## Problem requirements
Take every line from the entries below that includes the word "then" and copy it.

Saved data entries:
────────────────────────────────────────

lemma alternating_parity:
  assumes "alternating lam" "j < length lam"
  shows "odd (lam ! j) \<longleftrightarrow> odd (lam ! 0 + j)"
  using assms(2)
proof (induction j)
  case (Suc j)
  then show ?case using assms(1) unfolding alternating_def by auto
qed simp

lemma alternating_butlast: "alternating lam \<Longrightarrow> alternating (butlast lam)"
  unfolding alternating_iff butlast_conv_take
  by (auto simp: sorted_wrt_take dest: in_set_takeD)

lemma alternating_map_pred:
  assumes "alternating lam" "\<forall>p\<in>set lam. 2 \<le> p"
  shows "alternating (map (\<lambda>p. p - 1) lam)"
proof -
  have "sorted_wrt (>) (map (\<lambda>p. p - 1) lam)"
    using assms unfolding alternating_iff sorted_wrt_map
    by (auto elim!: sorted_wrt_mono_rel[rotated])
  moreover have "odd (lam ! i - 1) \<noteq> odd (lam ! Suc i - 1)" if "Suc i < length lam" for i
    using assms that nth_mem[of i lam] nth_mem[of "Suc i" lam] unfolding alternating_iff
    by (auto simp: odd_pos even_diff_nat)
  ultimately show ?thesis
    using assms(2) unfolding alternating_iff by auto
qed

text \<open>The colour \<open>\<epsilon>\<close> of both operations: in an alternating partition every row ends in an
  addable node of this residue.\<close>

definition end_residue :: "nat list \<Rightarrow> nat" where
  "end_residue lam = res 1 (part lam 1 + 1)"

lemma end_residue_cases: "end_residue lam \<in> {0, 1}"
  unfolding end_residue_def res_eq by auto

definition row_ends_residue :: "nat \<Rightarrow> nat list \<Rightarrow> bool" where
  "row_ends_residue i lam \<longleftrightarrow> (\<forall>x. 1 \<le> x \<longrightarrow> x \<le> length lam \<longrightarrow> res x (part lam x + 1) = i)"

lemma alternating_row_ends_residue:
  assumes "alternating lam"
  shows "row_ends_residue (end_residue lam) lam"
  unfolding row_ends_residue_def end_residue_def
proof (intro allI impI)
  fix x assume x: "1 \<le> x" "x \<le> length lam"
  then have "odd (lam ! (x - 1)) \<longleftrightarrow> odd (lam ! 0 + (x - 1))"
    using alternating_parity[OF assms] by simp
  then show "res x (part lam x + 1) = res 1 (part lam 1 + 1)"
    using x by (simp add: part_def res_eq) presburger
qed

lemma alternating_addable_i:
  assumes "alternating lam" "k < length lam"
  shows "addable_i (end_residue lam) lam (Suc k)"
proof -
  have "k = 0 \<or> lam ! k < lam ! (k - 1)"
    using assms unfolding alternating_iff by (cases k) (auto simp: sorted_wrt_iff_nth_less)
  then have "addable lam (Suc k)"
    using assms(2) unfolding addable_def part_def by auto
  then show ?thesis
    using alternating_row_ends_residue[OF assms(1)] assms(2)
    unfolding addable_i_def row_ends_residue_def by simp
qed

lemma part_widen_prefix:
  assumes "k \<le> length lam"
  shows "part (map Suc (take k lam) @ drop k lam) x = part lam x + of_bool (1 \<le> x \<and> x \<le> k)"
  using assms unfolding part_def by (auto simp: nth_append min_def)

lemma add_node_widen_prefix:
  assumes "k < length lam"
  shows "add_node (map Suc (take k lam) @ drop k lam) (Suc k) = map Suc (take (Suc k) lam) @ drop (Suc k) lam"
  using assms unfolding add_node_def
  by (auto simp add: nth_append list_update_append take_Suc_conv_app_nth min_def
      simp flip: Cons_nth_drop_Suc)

────────────────────────────────────────

## Exercise result
  then show ?case using assms(1) unfolding alternating_def by auto
  then have "odd (lam ! (x - 1)) \<longleftrightarrow> odd (lam ! 0 + (x - 1))"
  then show "res x (part lam x + 1) = res 1 (part lam 1 + 1)"
  then have "addable lam (Suc k)"
  then show ?thesis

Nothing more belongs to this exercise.